In the listing below, the answer starts at the line that has "W + emeasure" and stops after the line that has "using assms(1) by"; please repeat that part exactly and nothing more.
Start of Dataset extract
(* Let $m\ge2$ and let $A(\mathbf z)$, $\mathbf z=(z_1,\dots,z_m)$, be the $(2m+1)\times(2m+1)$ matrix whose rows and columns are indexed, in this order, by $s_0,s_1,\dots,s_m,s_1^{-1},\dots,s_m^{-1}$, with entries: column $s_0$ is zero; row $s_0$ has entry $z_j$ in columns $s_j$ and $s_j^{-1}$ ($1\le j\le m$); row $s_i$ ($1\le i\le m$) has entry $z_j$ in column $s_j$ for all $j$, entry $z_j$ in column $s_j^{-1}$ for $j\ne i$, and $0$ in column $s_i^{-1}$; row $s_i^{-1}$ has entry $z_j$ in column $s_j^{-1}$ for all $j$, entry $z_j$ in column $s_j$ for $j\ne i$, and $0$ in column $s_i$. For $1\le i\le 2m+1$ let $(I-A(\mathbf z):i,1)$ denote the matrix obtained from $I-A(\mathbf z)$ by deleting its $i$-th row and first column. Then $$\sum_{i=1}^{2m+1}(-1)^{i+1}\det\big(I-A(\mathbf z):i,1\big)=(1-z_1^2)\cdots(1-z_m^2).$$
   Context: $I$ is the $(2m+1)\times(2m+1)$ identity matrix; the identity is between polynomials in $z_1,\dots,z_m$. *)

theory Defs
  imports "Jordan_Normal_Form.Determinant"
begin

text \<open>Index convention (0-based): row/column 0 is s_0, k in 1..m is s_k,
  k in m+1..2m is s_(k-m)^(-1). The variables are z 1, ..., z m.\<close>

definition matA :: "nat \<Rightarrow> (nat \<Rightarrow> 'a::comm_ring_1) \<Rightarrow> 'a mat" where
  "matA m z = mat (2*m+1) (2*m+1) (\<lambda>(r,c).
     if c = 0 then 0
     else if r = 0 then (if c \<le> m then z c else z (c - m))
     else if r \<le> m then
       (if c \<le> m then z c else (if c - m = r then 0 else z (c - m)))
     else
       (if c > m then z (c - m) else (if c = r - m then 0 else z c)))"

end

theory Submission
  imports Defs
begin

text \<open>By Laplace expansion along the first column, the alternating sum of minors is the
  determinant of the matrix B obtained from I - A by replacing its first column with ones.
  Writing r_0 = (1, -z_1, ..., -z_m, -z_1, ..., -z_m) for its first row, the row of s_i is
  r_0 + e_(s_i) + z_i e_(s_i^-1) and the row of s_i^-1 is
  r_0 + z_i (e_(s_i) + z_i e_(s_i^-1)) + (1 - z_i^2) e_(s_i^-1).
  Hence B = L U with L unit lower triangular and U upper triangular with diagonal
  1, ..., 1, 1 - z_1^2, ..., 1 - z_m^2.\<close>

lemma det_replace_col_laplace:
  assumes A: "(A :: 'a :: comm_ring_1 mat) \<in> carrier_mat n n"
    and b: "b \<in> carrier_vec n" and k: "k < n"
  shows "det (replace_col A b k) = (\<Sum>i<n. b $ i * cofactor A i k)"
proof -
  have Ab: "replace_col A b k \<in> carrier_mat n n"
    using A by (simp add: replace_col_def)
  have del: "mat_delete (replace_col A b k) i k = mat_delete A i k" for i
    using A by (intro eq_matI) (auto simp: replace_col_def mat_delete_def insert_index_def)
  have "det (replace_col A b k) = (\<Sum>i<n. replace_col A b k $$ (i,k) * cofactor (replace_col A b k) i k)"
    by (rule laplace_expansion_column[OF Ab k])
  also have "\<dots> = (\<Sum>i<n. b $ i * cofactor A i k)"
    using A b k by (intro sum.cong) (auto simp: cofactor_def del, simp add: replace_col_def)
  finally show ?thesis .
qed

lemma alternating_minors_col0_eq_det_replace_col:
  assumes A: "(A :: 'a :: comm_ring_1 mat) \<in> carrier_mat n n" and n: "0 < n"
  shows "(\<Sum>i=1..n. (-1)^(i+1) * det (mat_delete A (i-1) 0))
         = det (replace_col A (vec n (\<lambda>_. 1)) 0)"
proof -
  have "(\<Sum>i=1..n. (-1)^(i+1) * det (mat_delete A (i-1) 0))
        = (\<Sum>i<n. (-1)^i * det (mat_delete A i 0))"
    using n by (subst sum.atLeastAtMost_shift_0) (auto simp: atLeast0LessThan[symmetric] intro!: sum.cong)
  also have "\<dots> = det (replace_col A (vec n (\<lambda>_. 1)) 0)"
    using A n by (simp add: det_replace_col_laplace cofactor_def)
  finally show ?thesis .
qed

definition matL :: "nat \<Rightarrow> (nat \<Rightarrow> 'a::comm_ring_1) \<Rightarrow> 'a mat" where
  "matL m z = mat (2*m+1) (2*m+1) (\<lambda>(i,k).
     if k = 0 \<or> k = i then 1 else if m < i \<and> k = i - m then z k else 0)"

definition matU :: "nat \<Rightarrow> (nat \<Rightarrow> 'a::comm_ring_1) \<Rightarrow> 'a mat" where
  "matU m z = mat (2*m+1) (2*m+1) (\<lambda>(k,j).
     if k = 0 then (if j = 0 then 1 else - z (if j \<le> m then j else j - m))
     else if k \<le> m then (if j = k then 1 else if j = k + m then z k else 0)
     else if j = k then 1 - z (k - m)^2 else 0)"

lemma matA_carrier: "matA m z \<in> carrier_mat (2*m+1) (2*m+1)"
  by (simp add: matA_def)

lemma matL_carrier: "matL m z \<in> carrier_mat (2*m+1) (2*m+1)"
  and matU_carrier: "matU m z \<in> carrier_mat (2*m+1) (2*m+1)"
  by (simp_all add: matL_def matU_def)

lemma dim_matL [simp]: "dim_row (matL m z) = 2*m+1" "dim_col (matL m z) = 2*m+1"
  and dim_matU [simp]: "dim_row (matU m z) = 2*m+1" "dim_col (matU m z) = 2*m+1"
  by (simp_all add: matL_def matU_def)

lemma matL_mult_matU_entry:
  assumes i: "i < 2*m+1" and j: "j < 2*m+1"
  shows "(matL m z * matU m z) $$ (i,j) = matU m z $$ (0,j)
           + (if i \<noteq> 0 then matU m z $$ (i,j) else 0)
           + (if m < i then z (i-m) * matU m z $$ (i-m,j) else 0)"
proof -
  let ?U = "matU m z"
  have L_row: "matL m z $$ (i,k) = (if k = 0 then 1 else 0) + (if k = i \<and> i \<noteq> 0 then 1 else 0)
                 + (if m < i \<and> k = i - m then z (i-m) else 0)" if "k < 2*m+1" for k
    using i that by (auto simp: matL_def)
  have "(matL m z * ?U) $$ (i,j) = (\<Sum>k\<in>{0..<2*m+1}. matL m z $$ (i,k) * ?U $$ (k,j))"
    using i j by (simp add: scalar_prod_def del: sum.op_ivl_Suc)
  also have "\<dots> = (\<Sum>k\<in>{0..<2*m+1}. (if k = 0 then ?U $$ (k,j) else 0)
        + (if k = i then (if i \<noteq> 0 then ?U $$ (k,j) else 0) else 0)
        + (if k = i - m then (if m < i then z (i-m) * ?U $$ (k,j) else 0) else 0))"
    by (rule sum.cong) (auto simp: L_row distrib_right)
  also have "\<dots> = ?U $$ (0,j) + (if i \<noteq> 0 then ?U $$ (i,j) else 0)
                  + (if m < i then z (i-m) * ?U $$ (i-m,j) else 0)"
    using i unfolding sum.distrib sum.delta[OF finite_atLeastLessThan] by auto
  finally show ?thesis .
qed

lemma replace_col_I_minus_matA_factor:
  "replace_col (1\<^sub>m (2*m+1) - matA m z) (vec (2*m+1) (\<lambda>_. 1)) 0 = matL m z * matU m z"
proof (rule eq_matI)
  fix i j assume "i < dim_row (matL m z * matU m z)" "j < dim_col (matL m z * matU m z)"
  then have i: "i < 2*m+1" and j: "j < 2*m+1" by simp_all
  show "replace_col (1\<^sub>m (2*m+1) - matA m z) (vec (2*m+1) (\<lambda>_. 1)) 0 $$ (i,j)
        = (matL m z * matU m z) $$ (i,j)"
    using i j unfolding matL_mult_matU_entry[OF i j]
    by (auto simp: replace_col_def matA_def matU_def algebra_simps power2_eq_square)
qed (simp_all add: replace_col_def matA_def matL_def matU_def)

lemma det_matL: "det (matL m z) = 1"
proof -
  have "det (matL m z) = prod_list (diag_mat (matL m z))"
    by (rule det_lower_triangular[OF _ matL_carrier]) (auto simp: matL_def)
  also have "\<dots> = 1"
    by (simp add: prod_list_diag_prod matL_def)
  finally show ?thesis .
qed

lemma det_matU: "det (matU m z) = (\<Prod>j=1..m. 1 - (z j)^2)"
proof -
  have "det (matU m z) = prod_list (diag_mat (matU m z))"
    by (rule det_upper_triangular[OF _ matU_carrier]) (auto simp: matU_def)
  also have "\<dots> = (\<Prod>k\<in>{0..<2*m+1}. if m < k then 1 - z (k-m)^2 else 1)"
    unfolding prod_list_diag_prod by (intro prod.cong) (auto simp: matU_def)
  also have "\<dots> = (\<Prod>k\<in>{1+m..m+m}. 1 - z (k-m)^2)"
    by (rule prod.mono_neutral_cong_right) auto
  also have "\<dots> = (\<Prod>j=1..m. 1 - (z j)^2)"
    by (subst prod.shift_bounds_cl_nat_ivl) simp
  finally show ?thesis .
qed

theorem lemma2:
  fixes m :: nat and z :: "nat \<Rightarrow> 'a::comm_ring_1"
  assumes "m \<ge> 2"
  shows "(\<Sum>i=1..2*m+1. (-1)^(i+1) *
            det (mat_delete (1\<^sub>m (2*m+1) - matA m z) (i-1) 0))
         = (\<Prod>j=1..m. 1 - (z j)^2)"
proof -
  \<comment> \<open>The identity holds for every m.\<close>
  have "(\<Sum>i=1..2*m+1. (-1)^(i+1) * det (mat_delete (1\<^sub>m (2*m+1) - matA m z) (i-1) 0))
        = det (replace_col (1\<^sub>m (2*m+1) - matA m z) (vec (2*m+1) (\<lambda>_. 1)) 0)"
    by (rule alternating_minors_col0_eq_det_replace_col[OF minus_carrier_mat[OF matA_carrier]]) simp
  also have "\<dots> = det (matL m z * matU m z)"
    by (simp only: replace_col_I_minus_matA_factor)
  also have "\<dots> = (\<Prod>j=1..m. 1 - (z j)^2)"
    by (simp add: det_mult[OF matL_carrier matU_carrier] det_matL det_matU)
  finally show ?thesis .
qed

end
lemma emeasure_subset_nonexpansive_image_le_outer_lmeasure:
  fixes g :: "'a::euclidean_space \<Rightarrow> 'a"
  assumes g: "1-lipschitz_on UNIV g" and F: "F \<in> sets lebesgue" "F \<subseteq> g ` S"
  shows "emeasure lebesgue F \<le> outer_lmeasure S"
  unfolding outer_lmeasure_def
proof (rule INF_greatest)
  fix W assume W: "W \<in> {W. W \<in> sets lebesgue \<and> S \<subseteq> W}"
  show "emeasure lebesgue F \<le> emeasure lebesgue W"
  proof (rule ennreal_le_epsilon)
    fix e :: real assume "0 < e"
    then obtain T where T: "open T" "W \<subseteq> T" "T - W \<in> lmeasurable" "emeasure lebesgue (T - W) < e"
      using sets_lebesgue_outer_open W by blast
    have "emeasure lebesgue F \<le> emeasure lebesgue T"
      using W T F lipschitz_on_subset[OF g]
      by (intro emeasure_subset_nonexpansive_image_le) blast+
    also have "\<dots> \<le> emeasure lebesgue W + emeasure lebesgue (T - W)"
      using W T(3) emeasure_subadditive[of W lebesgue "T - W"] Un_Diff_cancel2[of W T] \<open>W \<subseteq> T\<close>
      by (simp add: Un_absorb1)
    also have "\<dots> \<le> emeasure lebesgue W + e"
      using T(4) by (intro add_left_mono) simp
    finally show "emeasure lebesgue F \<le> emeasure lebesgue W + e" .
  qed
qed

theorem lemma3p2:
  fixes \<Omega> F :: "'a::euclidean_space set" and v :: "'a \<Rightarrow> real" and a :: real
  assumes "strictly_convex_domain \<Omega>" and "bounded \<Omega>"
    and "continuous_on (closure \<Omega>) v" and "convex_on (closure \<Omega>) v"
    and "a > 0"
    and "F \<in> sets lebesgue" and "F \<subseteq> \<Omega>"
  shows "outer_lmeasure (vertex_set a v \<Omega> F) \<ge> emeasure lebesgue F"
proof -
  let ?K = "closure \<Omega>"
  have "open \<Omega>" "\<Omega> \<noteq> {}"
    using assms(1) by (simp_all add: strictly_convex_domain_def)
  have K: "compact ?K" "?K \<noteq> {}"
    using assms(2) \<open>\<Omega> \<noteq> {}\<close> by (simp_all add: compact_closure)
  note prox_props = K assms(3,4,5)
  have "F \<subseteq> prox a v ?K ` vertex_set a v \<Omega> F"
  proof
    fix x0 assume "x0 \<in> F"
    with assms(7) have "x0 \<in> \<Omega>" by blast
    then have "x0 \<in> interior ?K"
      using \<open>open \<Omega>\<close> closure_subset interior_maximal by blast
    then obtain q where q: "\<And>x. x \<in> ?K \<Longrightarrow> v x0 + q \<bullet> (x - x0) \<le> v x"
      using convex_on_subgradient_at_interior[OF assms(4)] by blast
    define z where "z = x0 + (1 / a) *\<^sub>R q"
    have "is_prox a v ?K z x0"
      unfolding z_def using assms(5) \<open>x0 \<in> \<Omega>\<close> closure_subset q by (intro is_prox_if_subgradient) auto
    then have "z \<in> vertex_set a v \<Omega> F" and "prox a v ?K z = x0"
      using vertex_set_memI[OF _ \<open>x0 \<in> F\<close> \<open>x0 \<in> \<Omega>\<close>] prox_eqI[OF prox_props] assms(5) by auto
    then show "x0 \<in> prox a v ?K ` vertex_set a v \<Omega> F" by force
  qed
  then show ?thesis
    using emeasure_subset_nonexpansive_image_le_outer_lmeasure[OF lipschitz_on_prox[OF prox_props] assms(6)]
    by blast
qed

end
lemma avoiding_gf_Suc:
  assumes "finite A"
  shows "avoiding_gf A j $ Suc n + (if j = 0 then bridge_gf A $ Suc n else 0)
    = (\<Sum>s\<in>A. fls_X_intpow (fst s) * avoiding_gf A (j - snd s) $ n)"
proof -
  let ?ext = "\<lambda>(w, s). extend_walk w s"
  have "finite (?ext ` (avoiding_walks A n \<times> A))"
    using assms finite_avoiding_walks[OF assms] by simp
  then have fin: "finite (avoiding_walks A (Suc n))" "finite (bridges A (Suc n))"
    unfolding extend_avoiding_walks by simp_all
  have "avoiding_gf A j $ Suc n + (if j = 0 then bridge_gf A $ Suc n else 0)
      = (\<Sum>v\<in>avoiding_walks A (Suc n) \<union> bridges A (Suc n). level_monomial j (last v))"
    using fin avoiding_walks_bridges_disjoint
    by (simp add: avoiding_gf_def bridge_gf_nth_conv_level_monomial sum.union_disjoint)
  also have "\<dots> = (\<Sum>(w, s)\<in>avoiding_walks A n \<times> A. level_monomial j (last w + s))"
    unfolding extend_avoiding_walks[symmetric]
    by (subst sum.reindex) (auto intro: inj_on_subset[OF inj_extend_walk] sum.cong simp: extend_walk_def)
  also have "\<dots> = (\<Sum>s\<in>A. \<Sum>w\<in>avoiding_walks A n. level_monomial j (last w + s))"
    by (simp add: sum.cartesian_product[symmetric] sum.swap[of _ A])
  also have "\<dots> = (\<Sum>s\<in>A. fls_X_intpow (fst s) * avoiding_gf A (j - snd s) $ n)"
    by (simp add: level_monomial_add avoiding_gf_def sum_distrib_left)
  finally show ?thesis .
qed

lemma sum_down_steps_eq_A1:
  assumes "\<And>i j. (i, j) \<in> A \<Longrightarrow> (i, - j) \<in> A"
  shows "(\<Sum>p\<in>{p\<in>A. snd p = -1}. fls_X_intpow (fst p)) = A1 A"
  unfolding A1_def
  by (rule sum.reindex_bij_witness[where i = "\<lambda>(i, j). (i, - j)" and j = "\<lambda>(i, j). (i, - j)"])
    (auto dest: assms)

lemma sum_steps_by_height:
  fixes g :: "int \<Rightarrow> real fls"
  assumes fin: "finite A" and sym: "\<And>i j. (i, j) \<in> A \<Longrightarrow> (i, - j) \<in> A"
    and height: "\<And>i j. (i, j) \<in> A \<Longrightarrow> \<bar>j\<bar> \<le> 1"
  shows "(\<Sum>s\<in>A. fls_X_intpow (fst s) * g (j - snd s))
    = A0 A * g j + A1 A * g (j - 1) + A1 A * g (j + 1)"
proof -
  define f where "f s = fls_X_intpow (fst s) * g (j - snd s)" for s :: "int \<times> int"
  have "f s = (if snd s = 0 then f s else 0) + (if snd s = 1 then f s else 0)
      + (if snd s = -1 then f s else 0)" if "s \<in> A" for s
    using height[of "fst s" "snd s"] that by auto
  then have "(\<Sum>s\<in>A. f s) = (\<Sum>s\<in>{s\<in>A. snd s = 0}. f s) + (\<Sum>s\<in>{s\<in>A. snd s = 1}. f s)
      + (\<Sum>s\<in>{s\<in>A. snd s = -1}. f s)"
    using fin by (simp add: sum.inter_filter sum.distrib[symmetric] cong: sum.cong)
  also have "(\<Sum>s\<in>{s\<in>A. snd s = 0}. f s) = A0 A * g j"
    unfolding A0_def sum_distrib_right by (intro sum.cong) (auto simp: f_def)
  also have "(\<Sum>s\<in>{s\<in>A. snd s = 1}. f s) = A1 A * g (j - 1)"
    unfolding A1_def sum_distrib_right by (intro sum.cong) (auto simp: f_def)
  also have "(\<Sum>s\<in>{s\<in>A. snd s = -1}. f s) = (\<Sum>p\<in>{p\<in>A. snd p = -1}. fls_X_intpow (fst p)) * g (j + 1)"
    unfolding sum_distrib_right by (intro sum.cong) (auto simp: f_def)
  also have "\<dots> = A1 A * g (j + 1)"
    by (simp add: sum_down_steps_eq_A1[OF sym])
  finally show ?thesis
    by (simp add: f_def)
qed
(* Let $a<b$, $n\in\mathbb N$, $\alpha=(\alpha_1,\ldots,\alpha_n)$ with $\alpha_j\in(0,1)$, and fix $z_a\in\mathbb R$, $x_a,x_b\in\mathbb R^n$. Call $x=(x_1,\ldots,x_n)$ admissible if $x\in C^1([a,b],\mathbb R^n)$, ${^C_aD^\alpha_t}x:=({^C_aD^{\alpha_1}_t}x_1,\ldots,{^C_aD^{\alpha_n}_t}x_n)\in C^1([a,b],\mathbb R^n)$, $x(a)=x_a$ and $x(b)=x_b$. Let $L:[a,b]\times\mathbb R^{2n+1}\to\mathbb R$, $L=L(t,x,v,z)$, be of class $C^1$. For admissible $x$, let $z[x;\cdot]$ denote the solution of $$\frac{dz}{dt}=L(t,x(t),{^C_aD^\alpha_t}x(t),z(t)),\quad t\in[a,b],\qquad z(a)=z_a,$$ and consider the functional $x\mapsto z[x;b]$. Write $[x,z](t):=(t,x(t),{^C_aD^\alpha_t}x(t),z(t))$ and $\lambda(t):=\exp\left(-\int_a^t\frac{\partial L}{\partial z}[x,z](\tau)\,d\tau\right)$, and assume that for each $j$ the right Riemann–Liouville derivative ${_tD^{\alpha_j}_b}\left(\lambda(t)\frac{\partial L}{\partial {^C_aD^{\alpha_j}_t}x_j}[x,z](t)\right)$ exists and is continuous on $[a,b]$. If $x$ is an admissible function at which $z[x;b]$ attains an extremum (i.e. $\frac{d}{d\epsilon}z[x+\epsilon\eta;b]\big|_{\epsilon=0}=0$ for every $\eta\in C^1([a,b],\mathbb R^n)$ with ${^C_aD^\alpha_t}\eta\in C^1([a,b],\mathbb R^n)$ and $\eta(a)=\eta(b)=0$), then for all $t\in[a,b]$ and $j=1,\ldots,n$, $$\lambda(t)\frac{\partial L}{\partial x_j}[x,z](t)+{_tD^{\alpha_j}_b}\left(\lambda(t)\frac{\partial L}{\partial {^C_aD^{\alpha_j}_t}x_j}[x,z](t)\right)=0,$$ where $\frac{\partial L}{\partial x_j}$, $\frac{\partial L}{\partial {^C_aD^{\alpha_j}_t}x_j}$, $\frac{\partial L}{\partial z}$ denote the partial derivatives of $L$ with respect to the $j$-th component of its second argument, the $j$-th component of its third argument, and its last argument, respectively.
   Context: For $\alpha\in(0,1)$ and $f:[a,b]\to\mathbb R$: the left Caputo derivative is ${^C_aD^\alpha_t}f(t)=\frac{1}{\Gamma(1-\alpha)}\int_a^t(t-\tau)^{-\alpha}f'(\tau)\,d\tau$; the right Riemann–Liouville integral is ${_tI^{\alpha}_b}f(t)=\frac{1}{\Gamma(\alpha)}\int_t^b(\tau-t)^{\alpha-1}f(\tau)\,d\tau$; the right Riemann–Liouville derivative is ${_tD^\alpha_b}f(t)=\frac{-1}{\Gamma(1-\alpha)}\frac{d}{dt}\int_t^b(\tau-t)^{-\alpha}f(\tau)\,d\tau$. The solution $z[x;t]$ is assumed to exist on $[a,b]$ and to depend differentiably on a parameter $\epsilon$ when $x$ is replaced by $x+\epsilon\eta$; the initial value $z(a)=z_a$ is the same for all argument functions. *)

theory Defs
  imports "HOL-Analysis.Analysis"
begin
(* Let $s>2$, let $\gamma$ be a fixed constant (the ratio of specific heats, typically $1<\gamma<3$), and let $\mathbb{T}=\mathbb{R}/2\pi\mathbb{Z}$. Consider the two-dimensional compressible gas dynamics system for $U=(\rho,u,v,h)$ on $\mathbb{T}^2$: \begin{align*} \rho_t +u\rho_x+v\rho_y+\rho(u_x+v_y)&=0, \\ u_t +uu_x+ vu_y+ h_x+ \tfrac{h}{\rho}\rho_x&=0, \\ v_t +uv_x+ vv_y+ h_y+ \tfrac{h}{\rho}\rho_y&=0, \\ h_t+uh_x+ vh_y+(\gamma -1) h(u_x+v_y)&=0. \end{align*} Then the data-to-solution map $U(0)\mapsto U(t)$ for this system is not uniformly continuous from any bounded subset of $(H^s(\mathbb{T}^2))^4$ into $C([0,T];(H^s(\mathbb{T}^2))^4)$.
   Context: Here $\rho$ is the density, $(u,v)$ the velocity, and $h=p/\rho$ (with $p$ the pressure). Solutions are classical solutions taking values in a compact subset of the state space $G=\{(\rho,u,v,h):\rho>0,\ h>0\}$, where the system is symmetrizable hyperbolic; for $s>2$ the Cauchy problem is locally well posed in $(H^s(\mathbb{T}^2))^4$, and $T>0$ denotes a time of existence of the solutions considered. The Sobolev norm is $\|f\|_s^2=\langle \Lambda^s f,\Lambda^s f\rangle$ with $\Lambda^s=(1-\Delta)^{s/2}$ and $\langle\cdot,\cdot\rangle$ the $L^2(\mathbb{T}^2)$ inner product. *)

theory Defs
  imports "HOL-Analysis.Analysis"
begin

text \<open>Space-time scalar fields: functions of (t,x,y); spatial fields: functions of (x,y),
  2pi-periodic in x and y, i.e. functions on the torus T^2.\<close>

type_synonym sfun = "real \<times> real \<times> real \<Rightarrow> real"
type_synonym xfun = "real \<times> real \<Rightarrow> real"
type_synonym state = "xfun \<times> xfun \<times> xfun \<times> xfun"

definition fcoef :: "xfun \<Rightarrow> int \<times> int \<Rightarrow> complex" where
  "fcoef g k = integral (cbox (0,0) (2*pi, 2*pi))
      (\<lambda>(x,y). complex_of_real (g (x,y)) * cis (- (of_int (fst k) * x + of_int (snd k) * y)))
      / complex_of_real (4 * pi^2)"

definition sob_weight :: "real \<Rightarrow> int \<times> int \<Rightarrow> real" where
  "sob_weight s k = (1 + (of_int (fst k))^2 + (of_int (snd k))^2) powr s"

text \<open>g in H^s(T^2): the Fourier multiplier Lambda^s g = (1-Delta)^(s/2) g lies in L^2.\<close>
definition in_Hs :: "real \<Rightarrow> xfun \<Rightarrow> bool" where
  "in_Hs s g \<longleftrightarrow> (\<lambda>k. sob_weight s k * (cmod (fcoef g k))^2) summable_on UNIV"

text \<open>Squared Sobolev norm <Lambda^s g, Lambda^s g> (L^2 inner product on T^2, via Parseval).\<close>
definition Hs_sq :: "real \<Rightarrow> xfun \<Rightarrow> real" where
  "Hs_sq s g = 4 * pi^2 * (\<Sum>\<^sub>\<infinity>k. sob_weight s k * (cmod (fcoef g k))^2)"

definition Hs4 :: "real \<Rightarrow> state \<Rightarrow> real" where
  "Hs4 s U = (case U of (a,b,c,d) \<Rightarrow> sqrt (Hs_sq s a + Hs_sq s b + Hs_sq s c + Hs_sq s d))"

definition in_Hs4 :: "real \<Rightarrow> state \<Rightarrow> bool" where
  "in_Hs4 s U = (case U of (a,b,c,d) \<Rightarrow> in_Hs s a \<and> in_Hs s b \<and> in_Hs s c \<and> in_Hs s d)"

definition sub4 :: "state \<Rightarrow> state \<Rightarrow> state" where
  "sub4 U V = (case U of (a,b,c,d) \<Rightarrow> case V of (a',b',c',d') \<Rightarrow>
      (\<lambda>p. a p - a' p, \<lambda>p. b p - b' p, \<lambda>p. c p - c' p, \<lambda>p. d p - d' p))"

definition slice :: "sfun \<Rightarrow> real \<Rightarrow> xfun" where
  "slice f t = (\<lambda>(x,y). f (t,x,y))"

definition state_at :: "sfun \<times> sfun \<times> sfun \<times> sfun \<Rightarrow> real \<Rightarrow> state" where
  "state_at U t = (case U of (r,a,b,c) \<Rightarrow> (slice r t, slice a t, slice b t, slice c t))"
End of Dataset extract
▸ **Answer section**:
    also have "\<dots> \<le> emeasure lebesgue W + emeasure lebesgue (T - W)"
      using W T(3) emeasure_subadditive[of W lebesgue "T - W"] Un_Diff_cancel2[of W T] \<open>W \<subseteq> T\<close>
      by (simp add: Un_absorb1)
    also have "\<dots> \<le> emeasure lebesgue W + e"
      using T(4) by (intro add_left_mono) simp
    finally show "emeasure lebesgue F \<le> emeasure lebesgue W + e" .
  qed
qed

theorem lemma3p2:
  fixes \<Omega> F :: "'a::euclidean_space set" and v :: "'a \<Rightarrow> real" and a :: real
  assumes "strictly_convex_domain \<Omega>" and "bounded \<Omega>"
    and "continuous_on (closure \<Omega>) v" and "convex_on (closure \<Omega>) v"
    and "a > 0"
    and "F \<in> sets lebesgue" and "F \<subseteq> \<Omega>"
  shows "outer_lmeasure (vertex_set a v \<Omega> F) \<ge> emeasure lebesgue F"
proof -
  let ?K = "closure \<Omega>"
  have "open \<Omega>" "\<Omega> \<noteq> {}"
    using assms(1) by (simp_all add: strictly_convex_domain_def)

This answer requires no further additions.